↓
theorem proposition4p1:
  fixes ell :: ereal
    and pinv q r1 r2 \<omega> :: "real \<Rightarrow> complex"
    and lam :: complex
    and y :: "real \<Rightarrow> complex^2"
    and A1 A2 :: "complex^'n^'n"
    and \<Pi>1 \<Pi>2 :: "real \<Rightarrow> complex^2^'n"
    and S :: "real \<Rightarrow> complex^'n^'n"
  defines "I \<equiv> {x::real. 0 \<le> x \<and> ereal x < ell}"
  defines "F \<equiv> (\<lambda>x. mat2 (r1 x) (pinv x) (q x - lam * \<omega> x) (r2 x))"
  defines "Q1 \<equiv> (\<lambda>x. mat2 0 0 (\<omega> x) 0)"
  defines "Q0 \<equiv> (\<lambda>x. - mat2 (r1 x) (pinv x) (q x) (r2 x))"
  defines "X \<equiv> (\<lambda>x. mat_star (\<Pi>2 x) ** matrix_inv (S x) ** \<Pi>1 x)"
  defines "wA \<equiv> (\<lambda>x. mat 1 - mat_star (\<Pi>2 x) ** matrix_inv (S x) ** matrix_inv (A1 - mat lam) ** \<Pi>1 x)"
  assumes l_pos: "0 < ell"
    and summ: "locally_summable_on I pinv" "locally_summable_on I q" "locally_summable_on I r1"
              "locally_summable_on I r2" "locally_summable_on I \<omega>"
    and y_sol: "ac_solution_on I y (\<lambda>x. F x *v y x)"
    and init: "A1 ** S 0 - S 0 ** A2 = \<Pi>1 0 ** mat_star (\<Pi>2 0)"
    and Pi1_sol: "ac_solution_on I \<Pi>1 (\<lambda>x. A1 ** \<Pi>1 x ** Q1 x + \<Pi>1 x ** Q0 x)"
    and Pi2_sol: "ac_solution_on I (\<lambda>x. mat_star (\<Pi>2 x))
                    (\<lambda>x. - (Q1 x ** mat_star (\<Pi>2 x) ** A2) - Q0 x ** mat_star (\<Pi>2 x))"
    and S_sol: "ac_solution_on I S (\<lambda>x. \<Pi>1 x ** Q1 x ** mat_star (\<Pi>2 x))"
    and lam_reg: "invertible (A1 - mat lam)"
  shows "\<forall>a b. a \<le> b \<longrightarrow> {a..b} \<subseteq> {x\<in>I. invertible (S x)} \<longrightarrow>
           ac_solution_on {a..b} (\<lambda>x. wA x *v y x)
             (\<lambda>x. mat2 (r1 x - \<omega> x * X x $ 1 $ 2) (pinv x)
                       (q x + \<omega> x * (X x $ 1 $ 1 - X x $ 2 $ 2) - lam * \<omega> x)
                       (r2 x + \<omega> x * X x $ 1 $ 2) *v (wA x *v y x))"
proof (intro allI impI)
  fix a b :: real assume "a \<le> b" and sub: "{a..b} \<subseteq> {x\<in>I. invertible (S x)}"
  then have a: "0 \<le> a" and subI: "{a..b} \<subseteq> I" by (auto simp: I_def)
  have "ereal a < ell" using sub \<open>a \<le> b\<close> by (auto simp: I_def)
  then have sub0: "{0..a} \<subseteq> I" by (auto simp: I_def intro: le_less_trans[rotated])
  have sylvester: "A1 ** S a - S a ** A2 = \<Pi>1 a ** mat_star (\<Pi>2 a)"
    using sylvester_identity_propagates[OF ac_solution_on_subset[OF Pi1_sol sub0]
        ac_solution_on_subset[OF Pi2_sol sub0] ac_solution_on_subset[OF S_sol sub0] a init] .
  have F_split: "F x = - Q0 x - map_matrix ((*) lam) (Q1 x)" for x
    unfolding F_def Q0_def Q1_def by (rule mat2_split_lam)
  have S_inv: "invertible (S x)" if "x \<in> {a..b}" for x using sub that by auto
  have transformed: "ac_solution_on {a..b} (\<lambda>x. wA x *v y x)
      (\<lambda>x. (F x + Q1 x ** X x - X x ** Q1 x) *v (wA x *v y x))"
    unfolding wA_def X_def
    using darboux_transform_ac_solution[OF ac_solution_on_subset[OF y_sol subI] F_split
        ac_solution_on_subset[OF Pi1_sol subI] ac_solution_on_subset[OF Pi2_sol subI]
        ac_solution_on_subset[OF S_sol subI] sylvester S_inv lam_reg] .
  have F_transformed: "F x + Q1 x ** X x - X x ** Q1 x = mat2 (r1 x - \<omega> x * X x $ 1 $ 2) (pinv x)
      (q x + \<omega> x * (X x $ 1 $ 1 - X x $ 2 $ 2) - lam * \<omega> x) (r2 x + \<omega> x * X x $ 1 $ 2)" for x
    unfolding F_def Q1_def mat2_add_commutator by (simp add: algebra_simps)
  show "ac_solution_on {a..b} (\<lambda>x. wA x *v y x)
             (\<lambda>x. mat2 (r1 x - \<omega> x * X x $ 1 $ 2) (pinv x)
                       (q x + \<omega> x * (X x $ 1 $ 1 - X x $ 2 $ 2) - lam * \<omega> x)
                       (r2 x + \<omega> x * X x $ 1 $ 2) *v (wA x *v y x))"
    by (rule ac_solution_on_cong[OF transformed]) (simp add: F_transformed)
qed

end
↑
Instructions to follow: Return a word-for-word copy of the lines above from the one holding "and \<Pi>1 \<Pi>2" through the one holding "(\<lambda>x. mat2 0", with both of them included and nothing besides.

Completed task:
    and \<Pi>1 \<Pi>2 :: "real \<Rightarrow> complex^2^'n"
    and S :: "real \<Rightarrow> complex^'n^'n"
  defines "I \<equiv> {x::real. 0 \<le> x \<and> ereal x < ell}"
  defines "F \<equiv> (\<lambda>x. mat2 (r1 x) (pinv x) (q x - lam * \<omega> x) (r2 x))"
  defines "Q1 \<equiv> (\<lambda>x. mat2 0 0 (\<omega> x) 0)"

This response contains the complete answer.